[Collected data]
(* Let $A,B\in\mathcal A_n$. The following are equivalent: (1) $A\le B$ in ASM order; (2) the Laurent polynomial $\mathbf x^A-\mathbf x^B$ is $q$TNN; (3) $\mathbf x^A-\mathbf x^B$ has the $q$SFL property.
   Context: $\mathcal A_n$ is the set of $n\times n$ alternating sign matrices (entries in $\{-1,0,1\}$, partial row and column sums in $\{0,1\}$, full row and column sums $1$). Corner sum matrix $\widetilde A(i,j)=\sum_{p\le i,q\le j}a_{pq}$. ASM order: $A\le B$ iff $\widetilde A(i,j)\ge\widetilde B(i,j)$ for all $i,j\in[n]$. Let $x=(x_{ij})_{i,j=1}^n$ be a matrix of commuting indeterminates; for $A\in\mathcal A_n$, $\mathbf x^A=\prod_{i,j}x_{ij}^{a_{ij}}$. For a real $n\times n$ matrix $M=(m_{ij})$ and real $q>0$, $M_q=(q^{(i-j)^2/2}m_{ij})$; similarly $x_q=(x_{ij,q})$ with $x_{ij,q}=q^{(i-j)^2/2}x_{ij}$, and for a rational function $g$, $g(x_q)$ (resp. $g(M_q)$) means $g$ evaluated at these entries. A real matrix $M$ is locally TNN at $q_0>0$ if all minors (determinants of square submatrices) of $M_{q_0}$ are nonnegative. A rational function $g(x)$ is locally TNN at $q_0$ if $g(M_{q_0})\ge0$ for every real $n\times n$ matrix $M$ that is locally TNN at $q_0$ and for which $g(M_{q_0})$ is defined; $g$ is $q$TNN if it is locally TNN at every $q_0>0$. Let $\Delta_1(x),\dots,\Delta_m(x)$ be all minors of $x$. $g$ has the $q$SFL property if there are polynomials $F,G\in\mathbb R[x]$ with: $g=F/G$; $F=\sum c_{i_1\cdots i_k}\Delta_{i_1}(x)\cdots\Delta_{i_k}(x)$ with nonnegative integer coefficients $c$; $G=\prod_j\Delta_j(x)^{d_j}$ with nonnegative integers $d_j$; and $g(x_q)=F(x_q)/G(x_q)$ is a polynomial in $q$ (with coefficients rational functions in the $x_{ij}$). *)

theory Defs
  imports Complex_Main "Jordan_Normal_Form.Determinant"
begin

text \<open>n x n matrices are functions nat => nat => _, indices range over {1..n}.\<close>

definition is_ASM :: "nat \<Rightarrow> (nat \<Rightarrow> nat \<Rightarrow> int) \<Rightarrow> bool" where
  "is_ASM n A \<longleftrightarrow>
     (\<forall>i\<in>{1..n}. \<forall>j\<in>{1..n}. A i j \<in> {-1, 0, 1}) \<and>
     (\<forall>i\<in>{1..n}. \<forall>j\<in>{1..n}. (\<Sum>q=1..j. A i q) \<in> {0, 1}) \<and>
     (\<forall>i\<in>{1..n}. \<forall>j\<in>{1..n}. (\<Sum>p=1..i. A p j) \<in> {0, 1}) \<and>
     (\<forall>i\<in>{1..n}. (\<Sum>q=1..n. A i q) = 1) \<and>
     (\<forall>j\<in>{1..n}. (\<Sum>p=1..n. A p j) = 1)"

definition corner_sum :: "(nat \<Rightarrow> nat \<Rightarrow> int) \<Rightarrow> nat \<Rightarrow> nat \<Rightarrow> int" where
  "corner_sum A i j = (\<Sum>p=1..i. \<Sum>q=1..j. A p q)"

definition asm_le :: "nat \<Rightarrow> (nat \<Rightarrow> nat \<Rightarrow> int) \<Rightarrow> (nat \<Rightarrow> nat \<Rightarrow> int) \<Rightarrow> bool" where
  "asm_le n A B \<longleftrightarrow> (\<forall>i\<in>{1..n}. \<forall>j\<in>{1..n}. corner_sum A i j \<ge> corner_sum B i j)"

definition qmat :: "real \<Rightarrow> (nat \<Rightarrow> nat \<Rightarrow> real) \<Rightarrow> (nat \<Rightarrow> nat \<Rightarrow> real)" where
  "qmat q M = (\<lambda>i j. q powr (real_of_int ((int i - int j)^2) / 2) * M i j)"

definition minor_idx :: "nat \<Rightarrow> nat list \<times> nat list \<Rightarrow> bool" where
  "minor_idx n rc \<longleftrightarrow> (case rc of (rs, cs) \<Rightarrow>
     sorted_wrt (<) rs \<and> sorted_wrt (<) cs \<and> length rs = length cs \<and> length rs \<ge> 1 \<and>
     set rs \<subseteq> {1..n} \<and> set cs \<subseteq> {1..n})"

definition minor :: "(nat \<Rightarrow> nat \<Rightarrow> real) \<Rightarrow> nat list \<times> nat list \<Rightarrow> real" where
  "minor M rc = (case rc of (rs, cs) \<Rightarrow>
     det (mat (length rs) (length rs) (\<lambda>(a, b). M (rs ! a) (cs ! b))))"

▸ **Directions for this task**
Would you return the entries exactly as they stand?

▸ **The completed task**
(* Let $A,B\in\mathcal A_n$. The following are equivalent: (1) $A\le B$ in ASM order; (2) the Laurent polynomial $\mathbf x^A-\mathbf x^B$ is $q$TNN; (3) $\mathbf x^A-\mathbf x^B$ has the $q$SFL property.
   Context: $\mathcal A_n$ is the set of $n\times n$ alternating sign matrices (entries in $\{-1,0,1\}$, partial row and column sums in $\{0,1\}$, full row and column sums $1$). Corner sum matrix $\widetilde A(i,j)=\sum_{p\le i,q\le j}a_{pq}$. ASM order: $A\le B$ iff $\widetilde A(i,j)\ge\widetilde B(i,j)$ for all $i,j\in[n]$. Let $x=(x_{ij})_{i,j=1}^n$ be a matrix of commuting indeterminates; for $A\in\mathcal A_n$, $\mathbf x^A=\prod_{i,j}x_{ij}^{a_{ij}}$. For a real $n\times n$ matrix $M=(m_{ij})$ and real $q>0$, $M_q=(q^{(i-j)^2/2}m_{ij})$; similarly $x_q=(x_{ij,q})$ with $x_{ij,q}=q^{(i-j)^2/2}x_{ij}$, and for a rational function $g$, $g(x_q)$ (resp. $g(M_q)$) means $g$ evaluated at these entries. A real matrix $M$ is locally TNN at $q_0>0$ if all minors (determinants of square submatrices) of $M_{q_0}$ are nonnegative. A rational function $g(x)$ is locally TNN at $q_0$ if $g(M_{q_0})\ge0$ for every real $n\times n$ matrix $M$ that is locally TNN at $q_0$ and for which $g(M_{q_0})$ is defined; $g$ is $q$TNN if it is locally TNN at every $q_0>0$. Let $\Delta_1(x),\dots,\Delta_m(x)$ be all minors of $x$. $g$ has the $q$SFL property if there are polynomials $F,G\in\mathbb R[x]$ with: $g=F/G$; $F=\sum c_{i_1\cdots i_k}\Delta_{i_1}(x)\cdots\Delta_{i_k}(x)$ with nonnegative integer coefficients $c$; $G=\prod_j\Delta_j(x)^{d_j}$ with nonnegative integers $d_j$; and $g(x_q)=F(x_q)/G(x_q)$ is a polynomial in $q$ (with coefficients rational functions in the $x_{ij}$). *)

theory Defs
  imports Complex_Main "Jordan_Normal_Form.Determinant"
begin

text \<open>n x n matrices are functions nat => nat => _, indices range over {1..n}.\<close>

definition is_ASM :: "nat \<Rightarrow> (nat \<Rightarrow> nat \<Rightarrow> int) \<Rightarrow> bool" where
  "is_ASM n A \<longleftrightarrow>
     (\<forall>i\<in>{1..n}. \<forall>j\<in>{1..n}. A i j \<in> {-1, 0, 1}) \<and>
     (\<forall>i\<in>{1..n}. \<forall>j\<in>{1..n}. (\<Sum>q=1..j. A i q) \<in> {0, 1}) \<and>
     (\<forall>i\<in>{1..n}. \<forall>j\<in>{1..n}. (\<Sum>p=1..i. A p j) \<in> {0, 1}) \<and>
     (\<forall>i\<in>{1..n}. (\<Sum>q=1..n. A i q) = 1) \<and>
     (\<forall>j\<in>{1..n}. (\<Sum>p=1..n. A p j) = 1)"

definition corner_sum :: "(nat \<Rightarrow> nat \<Rightarrow> int) \<Rightarrow> nat \<Rightarrow> nat \<Rightarrow> int" where
  "corner_sum A i j = (\<Sum>p=1..i. \<Sum>q=1..j. A p q)"

definition asm_le :: "nat \<Rightarrow> (nat \<Rightarrow> nat \<Rightarrow> int) \<Rightarrow> (nat \<Rightarrow> nat \<Rightarrow> int) \<Rightarrow> bool" where
  "asm_le n A B \<longleftrightarrow> (\<forall>i\<in>{1..n}. \<forall>j\<in>{1..n}. corner_sum A i j \<ge> corner_sum B i j)"

definition qmat :: "real \<Rightarrow> (nat \<Rightarrow> nat \<Rightarrow> real) \<Rightarrow> (nat \<Rightarrow> nat \<Rightarrow> real)" where
  "qmat q M = (\<lambda>i j. q powr (real_of_int ((int i - int j)^2) / 2) * M i j)"

definition minor_idx :: "nat \<Rightarrow> nat list \<times> nat list \<Rightarrow> bool" where
  "minor_idx n rc \<longleftrightarrow> (case rc of (rs, cs) \<Rightarrow>
     sorted_wrt (<) rs \<and> sorted_wrt (<) cs \<and> length rs = length cs \<and> length rs \<ge> 1 \<and>
     set rs \<subseteq> {1..n} \<and> set cs \<subseteq> {1..n})"

definition minor :: "(nat \<Rightarrow> nat \<Rightarrow> real) \<Rightarrow> nat list \<times> nat list \<Rightarrow> real" where
  "minor M rc = (case rc of (rs, cs) \<Rightarrow>
     det (mat (length rs) (length rs) (\<lambda>(a, b). M (rs ! a) (cs ! b))))"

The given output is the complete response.